Hello, I found a problem, connected with OpenACC declare and update directives. I use delare create to allocate memory on GPU (3 arrays of n float elements) and update device to update two of them, but not updating the third, which is used only for result storing. Then perform calculations and use update host for the third array, it shows wrong results. But if I updated it before, with two input arrays, it works fine.
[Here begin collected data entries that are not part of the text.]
lemma index_mat_pow_mult_vec:
  assumes e: "bij_betw e {0..<n} S"
  shows "(index_mat e n M ^\<^sub>m k) *\<^sub>v vec n (\<lambda>p. complex_of_real (w (e p)))
       = vec n (\<lambda>p. complex_of_real ((matvec S M ^^ k) w (e p)))"
proof (induction k arbitrary: w)
  case (Suc k)
  let ?A = "index_mat e n M"
  have "?A *\<^sub>v vec n (\<lambda>p. complex_of_real (w (e p))) = vec n (\<lambda>p. complex_of_real (matvec S M w (e p)))"
  proof (rule eq_vecI)
    fix p assume "p < dim_vec (vec n (\<lambda>p. complex_of_real (matvec S M w (e p))))"
    then have p: "p < n" by simp
    have "(?A *\<^sub>v vec n (\<lambda>p. complex_of_real (w (e p)))) $ p
        = complex_of_real (\<Sum>q\<in>{0..<n}. M (e p) (e q) * w (e q))"
      using p by (simp add: index_mat_def scalar_prod_def)
    also have "(\<Sum>q\<in>{0..<n}. M (e p) (e q) * w (e q)) = matvec S M w (e p)"
      unfolding matvec_def by (rule sum.reindex_bij_betw[OF e])
    finally show "(?A *\<^sub>v vec n (\<lambda>p. complex_of_real (w (e p)))) $ p
        = vec n (\<lambda>p. complex_of_real (matvec S M w (e p))) $ p"
      using p by simp
  qed simp
  then have "(?A ^\<^sub>m Suc k) *\<^sub>v vec n (\<lambda>p. complex_of_real (w (e p)))
      = (?A ^\<^sub>m k) *\<^sub>v vec n (\<lambda>p. complex_of_real (matvec S M w (e p)))"
    by (simp del: pow_mat.simps add: pow_mat.simps(2) assoc_mult_mat_vec[of _ n n _ n])
  then show ?case using Suc by (simp add: funpow_Suc_right del: funpow.simps)
qed simp

text \<open>The Jordan normal form enters only here: a matrix whose eigenvalues lie in the open unit
  disc has bounded powers.\<close>

lemma index_mat_pow_norm_bound:
  assumes e: "bij_betw e {0..<n} S" and n: "0 < n"
    and small: "\<And>c. is_eigenvalue S M c \<Longrightarrow> cmod c < 1"
  obtains cb where "\<And>k. norm_bound (index_mat e n M ^\<^sub>m k) cb"
proof -
  let ?A = "index_mat e n M"
  have "spectral_radius ?A \<in> cmod ` spectrum ?A"
    using spectral_radius_mem_max(1)[OF index_mat_carrier[of e n M] n] by simp
  then obtain \<kappa> where \<kappa>: "\<kappa> \<in> spectrum ?A" "spectral_radius ?A = cmod \<kappa>" by auto
  have "spectral_radius ?A < 1"
    using small \<kappa> eigenvalue_index_mat_iff[OF e] by (simp add: spectrum_def)
  then show ?thesis
    using that spectral_radius_jnf_norm_bound_less_1_upper_triangular[OF index_mat_carrier] by blast
qed
lemma frob_inner_avg_outer: assumes A: "A \<in> carrier_mat r c" and ra: "ra \<in> carrier_vec r" and q: "\<And>i. i < n \<Longrightarrow> q i \<in> carrier_vec c"
  shows "frob_inner A (avg_outer r c n u ra q) = (1/real n) * (\<Sum>i<n. u i * (ra \<bullet> (A *\<^sub>v q i)))"
proof -
  have "frob_inner A (avg_outer r c n u ra q) = (\<Sum>a<r. \<Sum>b<c. \<Sum>i<n. (1/real n) * u i * (ra $ a * A $$ (a,b) * q i $ b))"
  proof -
    have dA: "dim_row A = r" "dim_col A = c" using A by auto
    show ?thesis unfolding frob_inner_def avg_outer_def dA by (intro sum.cong refl) (auto simp: sum_distrib_left algebra_simps)
  qed
  also have "\<dots> = (\<Sum>i<n. \<Sum>a<r. \<Sum>b<c. (1/real n) * u i * (ra $ a * A $$ (a,b) * q i $ b))"
    by (rule sum_swap3)
  also have "\<dots> = (\<Sum>i<n. (1/real n) * u i * (\<Sum>a<r. \<Sum>b<c. ra $ a * A $$ (a,b) * q i $ b))"
    by (intro sum.cong refl) (simp add: sum_distrib_left)
  also have "\<dots> = (1/real n) * (\<Sum>i<n. u i * (ra \<bullet> (A *\<^sub>v q i)))"
    using scalar_prod_mult_vec_sum[OF A ra q] by (simp add: sum_distrib_left mult.assoc)
  finally show ?thesis .
qed

lemma frob_avg_outer_sq_le: assumes q: "\<And>i. i < n \<Longrightarrow> q i \<in> carrier_vec c" and ra: "ra \<in> carrier_vec r"
  shows "frob (avg_outer r c n u ra q) ^ 2 \<le> (1/real n)^2 * sq_norm ra * (real n * (\<Sum>i<n. (u i)^2 * sq_norm (q i)))"
proof -
  have "frob (avg_outer r c n u ra q) ^ 2 = (\<Sum>a<r. \<Sum>b<c. ((1/real n) * (\<Sum>i<n. u i * (ra $ a * q i $ b)))^2)"
    unfolding frob_sq avg_outer_def by simp
  also have "\<dots> = (\<Sum>a<r. \<Sum>b<c. (1/real n)^2 * (ra $ a)^2 * (\<Sum>i<n. u i * q i $ b)^2)"
  proof (intro sum.cong refl)
    fix a b
    have E: "(\<Sum>i<n. u i * (ra $ a * q i $ b)) = ra $ a * (\<Sum>i<n. u i * q i $ b)"
      by (simp add: sum_distrib_left algebra_simps)
    thus "((1/real n) * (\<Sum>i<n. u i * (ra $ a * q i $ b)))^2 = (1/real n)^2 * (ra $ a)^2 * (\<Sum>i<n. u i * q i $ b)^2"
      by (simp only: E) (simp add: power2_eq_square algebra_simps divide_inverse)
  qed
  also have "\<dots> \<le> (\<Sum>a<r. \<Sum>b<c. (1/real n)^2 * (ra $ a)^2 * (real n * (\<Sum>i<n. (u i * q i $ b)^2)))"
    using sum_sq_le_card_sum_sq[of "\<lambda>i. u i * q i $ _" "{..<n}"]
    by (intro sum_mono mult_left_mono) auto
  also have "\<dots> = (\<Sum>a<r. \<Sum>b<c. ((1/real n)^2 * real n) * ((ra $ a)^2 * (\<Sum>i<n. (u i)^2 * (q i $ b)^2)))"
    by (intro sum.cong refl) (simp add: power_mult_distrib)
  also have "\<dots> = ((1/real n)^2 * real n) * ((\<Sum>a<r. (ra $ a)^2) * (\<Sum>b<c. \<Sum>i<n. (u i)^2 * (q i $ b)^2))"
    by (rule double_sum_const_mult_split)
  also have "(\<Sum>b<c. \<Sum>i<n. (u i)^2 * (q i $ b)^2) = (\<Sum>i<n. (u i)^2 * (\<Sum>b<c. (q i $ b)^2))"
    by (subst sum.swap) (simp add: sum_distrib_left)
  also have "(\<Sum>i<n. (u i)^2 * (\<Sum>b<c. (q i $ b)^2)) = (\<Sum>i<n. (u i)^2 * sq_norm (q i))"
  proof (intro sum.cong refl)
    fix i assume "i \<in> {..<n}"
    hence "dim_vec (q i) = c" using q by auto
    thus "(u i)^2 * (\<Sum>b<c. (q i $ b)^2) = (u i)^2 * sq_norm (q i)"
      by (simp add: scalar_prod_def atLeast0LessThan power2_eq_square)
  qed
  also have "(\<Sum>a<r. (ra $ a)^2) = sq_norm ra"
    using ra by (auto simp: scalar_prod_def atLeast0LessThan power2_eq_square)
  finally show ?thesis by (simp add: algebra_simps)
qed
lemma V_step:
  assumes i: "i \<in> {1..<n}" and Xi: "X i \<in> carrier_mat d d" and Ri: "R i \<in> carrier_mat d r"
  shows "V (Suc i) \<in> carrier_mat d r" "K i * V (Suc i) = sqrt (- 2 * \<sigma> i) \<cdot>\<^sub>m (R i * T)"
proof -
  have Kc: "K i \<in> carrier_mat d d"
    unfolding K_def using A E B Xi minv_H_carrier by auto
  have "invertible_mat (K i)"
    using K_inv i unfolding K_def by auto
  note KI = minv_invertible[OF Kc this]
  have Vd: "V (Suc i) = sqrt (- 2 * \<sigma> i) \<cdot>\<^sub>m (minv (K i) * R i * T)"
    using V_def i unfolding K_def by auto
  show "V (Suc i) \<in> carrier_mat d r"
    unfolding Vd using KI Ri T by auto
  note dims = Kc[THEN carrier_matD(1)] Kc[THEN carrier_matD(2)] KI(3)[THEN carrier_matD(1)]
    KI(3)[THEN carrier_matD(2)] Ri[THEN carrier_matD(1)] Ri[THEN carrier_matD(2)]
    T[THEN carrier_matD(1)] T[THEN carrier_matD(2)]
  have "K i * V (Suc i) = sqrt (- 2 * \<sigma> i) \<cdot>\<^sub>m (K i * minv (K i) * (R i * T))"
    unfolding Vd by (simp only: mat_expand_simps mat_dim_simps dims simp_thms)
  then show "K i * V (Suc i) = sqrt (- 2 * \<sigma> i) \<cdot>\<^sub>m (R i * T)"
    using KI Ri T by simp
qed

lemma Yt_step:
  assumes i: "i \<in> {1..<n}" and Vc: "V (Suc i) \<in> carrier_mat d r"
  shows "Yt (Suc i) \<in> carrier_mat r r" "minv (Yt (Suc i)) \<in> carrier_mat r r"
    "Yt (Suc i) * minv (Yt (Suc i)) = 1\<^sub>m r" "transpose_mat (minv (Yt (Suc i))) = minv (Yt (Suc i))"
    "CC (Suc i) (Suc i) = (2 * \<sigma> i) \<cdot>\<^sub>m (T - Yt (Suc i))"
proof -
  note dims = Vc[THEN carrier_matD(1)] Vc[THEN carrier_matD(2)] B[THEN carrier_matD(1)]
    B[THEN carrier_matD(2)]
    minv_H_carrier[THEN carrier_matD(1)] minv_H_carrier[THEN carrier_matD(2)]
    T[THEN carrier_matD(1)] T[THEN carrier_matD(2)]
  have Yd: "Yt (Suc i) = T - (1 / (2 * \<sigma> i)) \<cdot>\<^sub>m
              ((transpose_mat (V (Suc i)) * B) * minv H
                * transpose_mat (transpose_mat (V (Suc i)) * B))"
    using Y_def i by auto
  show Yc: "Yt (Suc i) \<in> carrier_mat r r"
    unfolding Yd using Vc B minv_H_carrier T by auto
  have Ys: "transpose_mat (Yt (Suc i)) = Yt (Suc i)"
    unfolding Yd
    by (simp only: mat_expand_simps mat_dim_simps dims simp_thms transpose_transpose T_sym minv_H_sym)
  have "invertible_mat (Yt (Suc i))"
    using Y_inv i by auto
  note YI = minv_invertible[OF Yc this]
  show "minv (Yt (Suc i)) \<in> carrier_mat r r" "Yt (Suc i) * minv (Yt (Suc i)) = 1\<^sub>m r"
    using YI by auto
  show "transpose_mat (minv (Yt (Suc i))) = minv (Yt (Suc i))"
    using inverse_of_symmetric[OF Yc YI(3) YI(1) YI(2) Ys] .
  have "\<sigma> i \<noteq> 0"
    using shifts i by force
  then show "CC (Suc i) (Suc i) = (2 * \<sigma> i) \<cdot>\<^sub>m (T - Yt (Suc i))"
    unfolding Yd
    apply (simp only: mat_expand_simps mat_dim_simps dims simp_thms transpose_transpose)
    apply (rule eq_matI)
     apply (simp_all only: mat_entry_simps mat_dim_simps dims)
    apply simp
    done
qed

lemma iterates_carrier:
  assumes "i \<in> {1..n}"
  shows "X i \<in> carrier_mat d d \<and> transpose_mat (X i) = X i \<and> R i \<in> carrier_mat d r"
  using assms
proof (induction i)
  case (Suc i)
  show ?case
  proof (cases "i = 0")
    case True
    then show ?thesis
      using X1_carrier X1_sym R1 by simp
  next
    case False
    then have i: "i \<in> {1..<n}"
      using Suc.prems by auto
    then have Xi: "X i \<in> carrier_mat d d" "transpose_mat (X i) = X i"
      and Ri: "R i \<in> carrier_mat d r"
      using Suc.IH by auto
    note Vc = V_step(1)[OF i Xi(1) Ri] and Y = Yt_step[OF i Vc]
    note dims = Vc[THEN carrier_matD(1)] Vc[THEN carrier_matD(2)] Xi(1)[THEN carrier_matD(1)]
      Xi(1)[THEN carrier_matD(2)] Y(2)[THEN carrier_matD(1)] Y(2)[THEN carrier_matD(2)]
    have Xd: "X (Suc i) = X i + V (Suc i) * minv (Yt (Suc i)) * transpose_mat (V (Suc i))"
      using X_def i by auto
    have Rd: "R (Suc i)
      = R i + sqrt (- 2 * \<sigma> i) \<cdot>\<^sub>m (transpose_mat E * V (Suc i) * minv (Yt (Suc i)))"
      using R_def i by auto
    have "transpose_mat (X (Suc i)) = X (Suc i)"
      unfolding Xd
      by (simp only: mat_expand_simps mat_dim_simps dims simp_thms transpose_transpose Xi(2) Y(4))
    moreover have "X (Suc i) \<in> carrier_mat d d" "R (Suc i) \<in> carrier_mat d r"
      unfolding Xd Rd using Xi Ri Vc Y E by auto
    ultimately show ?thesis
      by simp
  qed
qed simp

lemma X_carrier: "i \<in> {1..n} \<Longrightarrow> X i \<in> carrier_mat d d"
  and X_sym: "i \<in> {1..n} \<Longrightarrow> transpose_mat (X i) = X i"
  and R_carrier: "i \<in> {1..n} \<Longrightarrow> R i \<in> carrier_mat d r"
  using iterates_carrier by auto

lemma
  assumes i: "i \<in> {1..<n}"
  shows V_carrier: "V (Suc i) \<in> carrier_mat d r"
    and K_mult_V: "K i * V (Suc i) = sqrt (- 2 * \<sigma> i) \<cdot>\<^sub>m (R i * T)"
    and Yt_carrier: "Yt (Suc i) \<in> carrier_mat r r"
    and minv_Yt_carrier: "minv (Yt (Suc i)) \<in> carrier_mat r r"
    and Yt_mult_minv: "Yt (Suc i) * minv (Yt (Suc i)) = 1\<^sub>m r"
    and minv_Yt_sym: "transpose_mat (minv (Yt (Suc i))) = minv (Yt (Suc i))"
    and CC_diag: "CC (Suc i) (Suc i) = (2 * \<sigma> i) \<cdot>\<^sub>m (T - Yt (Suc i))"
proof -
  have "i \<in> {1..n}"
    using i by auto
  note step = V_step[OF i X_carrier[OF this] R_carrier[OF this]]
  show "V (Suc i) \<in> carrier_mat d r" "K i * V (Suc i) = sqrt (- 2 * \<sigma> i) \<cdot>\<^sub>m (R i * T)"
    using step by auto
  note Y = Yt_step[OF i step(1)]
  show "Yt (Suc i) \<in> carrier_mat r r" "minv (Yt (Suc i)) \<in> carrier_mat r r"
    "Yt (Suc i) * minv (Yt (Suc i)) = 1\<^sub>m r" "transpose_mat (minv (Yt (Suc i))) = minv (Yt (Suc i))"
    "CC (Suc i) (Suc i) = (2 * \<sigma> i) \<cdot>\<^sub>m (T - Yt (Suc i))"
    using Y by auto
qed

lemma
  assumes i: "i \<in> {1..<n}"
  shows Delta_carrier: "Delta i \<in> carrier_mat d d"
    and Rstep_carrier: "Rstep i \<in> carrier_mat d r"
    and X_Suc: "X (Suc i) = X i + Delta i"
    and R_Suc: "R (Suc i) = R i + sqrt (- 2 * \<sigma> i) \<cdot>\<^sub>m Rstep i"
  unfolding Delta_def Rstep_def using V_carrier[OF i] minv_Yt_carrier[OF i] E X_def R_def i by auto

lemma Yt_carrier_2: "i \<in> {2..n} \<Longrightarrow> Yt i \<in> carrier_mat r r"
  using Yt_carrier[of "i - 1"] by (cases i) auto

lemma CC_carrier: "i \<in> {2..n} \<Longrightarrow> j \<in> {2..n} \<Longrightarrow> CC i j \<in> carrier_mat r r"
  using V_carrier[of "i - 1"] V_carrier[of "j - 1"] B minv_H_carrier
  by (cases i; cases j) (auto intro!: mult_carrier_mat)

lemma RHn_radi_carrier: "2 \<le> m \<Longrightarrow> m \<le> n \<Longrightarrow> RHn r T Yt CC \<sigma> m g \<in> carrier_mat (m * r) (m * r)"
  by (rule RHn_carrier) (use T Yt_carrier_2 CC_carrier in auto)

lemma hcats_R_carrier: "m \<le> n \<Longrightarrow> hcats d R m \<in> carrier_mat d (m * r)"
  by (rule hcats_carrier_mat) (use R_carrier in auto)

lemma cross_col_carrier:
  "Suc (Suc (Suc k)) \<le> n \<Longrightarrow> cross_col r CC \<sigma> k g \<in> carrier_mat (Suc k * r) r"
  unfolding cross_col_def by (rule vcats_carrier_mat) (use CC_carrier in auto)

lemma weighted_sum_sym:
  assumes I: "I \<subseteq> {1..n}"
  shows "transpose_mat (msum d (\<lambda>i. c i \<cdot>\<^sub>m X i) I) = msum d (\<lambda>i. c i \<cdot>\<^sub>m X i) I"
proof (rule eq_matI)
  fix a b
  assume "a < dim_row (msum d (\<lambda>i. c i \<cdot>\<^sub>m X i) I)"
    "b < dim_col (msum d (\<lambda>i. c i \<cdot>\<^sub>m X i) I)"
  then have ab: "a < d" "b < d"
    by auto
  have Xc: "\<And>i. i \<in> I \<Longrightarrow> X i \<in> carrier_mat d d"
    using X_carrier I by auto
  have "(\<Sum>i\<in>I. c i * X i $$ (b,a)) = (\<Sum>i\<in>I. c i * X i $$ (a,b))"
  proof (rule sum.cong[OF refl])
    fix i assume i: "i \<in> I"
    have "X i $$ (b,a) = transpose_mat (X i) $$ (a,b)"
      using Xc[OF i] ab by simp
    then show "c i * X i $$ (b,a) = c i * X i $$ (a,b)"
      using X_sym I i by auto
  qed
  then show "transpose_mat (msum d (\<lambda>i. c i \<cdot>\<^sub>m X i) I) $$ (a,b)
    = msum d (\<lambda>i. c i \<cdot>\<^sub>m X i) I $$ (a,b)"
    using ab index_msum_smult[OF Xc] by simp
qed auto

lemma weighted_sum_merge_last:
  assumes m: "m \<in> {1..<n}"
  shows "msum d (\<lambda>i. g i \<cdot>\<^sub>m X i) {1..Suc m}
    = msum d (\<lambda>i. (g(m := g m + g (Suc m))) i \<cdot>\<^sub>m X i) {1..m} + g (Suc m) \<cdot>\<^sub>m Delta m"
proof (rule eq_matI)
  have D: "Delta m \<in> carrier_mat d d"
    using Delta_carrier[OF m] .
  fix a b
  assume "a < dim_row (msum d (\<lambda>i. (g(m := g m + g (Suc m))) i \<cdot>\<^sub>m X i) {1..m} + g (Suc m) \<cdot>\<^sub>m Delta m)"
    "b < dim_col (msum d (\<lambda>i. (g(m := g m + g (Suc m))) i \<cdot>\<^sub>m X i) {1..m} + g (Suc m) \<cdot>\<^sub>m Delta m)"
  then have ab: "a < d" "b < d"
    using D by auto
  have Xc: "\<And>i. i \<in> {1..Suc m} \<Longrightarrow> X i \<in> carrier_mat d d"
    using X_carrier m by auto
  have "(\<Sum>i=1..m. (g(m := g m + g (Suc m))) i * X i $$ (a,b))
    = (\<Sum>i=1..m. g i * X i $$ (a,b) + (if i = m then g (Suc m) * X m $$ (a,b) else 0))"
    by (rule sum.cong) (auto simp: algebra_simps)
  also have "\<dots> = (\<Sum>i=1..m. g i * X i $$ (a,b)) + g (Suc m) * X m $$ (a,b)"
    using m by (simp add: sum.distrib)
  finally have merged: "(\<Sum>i=1..m. (g(m := g m + g (Suc m))) i * X i $$ (a,b)) = \<dots>" .
  have "X (Suc m) $$ (a,b) = X m $$ (a,b) + Delta m $$ (a,b)"
    using X_Suc[OF m] D ab by simp
  with merged show "msum d (\<lambda>i. g i \<cdot>\<^sub>m X i) {1..Suc m} $$ (a,b)
    = (msum d (\<lambda>i. (g(m := g m + g (Suc m))) i \<cdot>\<^sub>m X i) {1..m} + g (Suc m) \<cdot>\<^sub>m Delta m) $$ (a,b)"
    using ab D index_msum_smult[of "{1..Suc m}" X, OF Xc] index_msum_smult[of "{1..m}" X, OF Xc]
    by (simp add: algebra_simps)
qed (use Delta_carrier[OF assms] in auto)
I can send you code to test it but it’s proprietary.

Hi i_alex2004,

Without using your proprietary code, can you write-up a small example which shows how you are using the “declare” and “update” directives?

Thanks,
Mat

Hello, here is a bit cut code, I was talking about:

// (c) 2012 Dmitry Mikushin, University of Lugano
// (c) 2012 Alexey Ivakhnenko, Applied Parallel Computing LLC

#include <malloc.h>
#include <stdio.h>
#include <stdlib.h>

// Memory alignment, for vectorization.
// 4096 should be best for memory transfers over PCI-E.
#define MEMALIGN 4096

int wave13pt(int nx, int ny, int ns,
	const real c0, const real c1, const real c2,
	real* restrict w0, real* restrict w1, real* restrict w2)
{
#if defined(_OPENACC)
	size_t szarray = (size_t)nx * ny * ns;
	#pragma acc kernels loop independent,  present(w0[0:szarray], w1[0:szarray], w2[0:szarray])
#endif
	for (int k = 2; k < ns - 2; k++)
	{
#if defined(_OPENACC)
		#pragma acc loop independent
#endif
		for (int j = 2; j < ny - 2; j++)
		{
#if defined(_OPENACC)
			#pragma acc loop independent
#endif
			for (int i = 2; i < nx - 2; i++)
			{
				int idx=i+ nx * j + nx * ny * k;
				w2[idx] = 1;
			}
		}
	}

	return 0;
}

#define parse_arg(name, arg) \
	int name = atoi(arg); \
	if (name < 0) \
	{ \
		printf("Value for " #name " is invalid: %d\n", name); \
	}

#define real_rand() ((real)(rand() / (double)RAND_MAX))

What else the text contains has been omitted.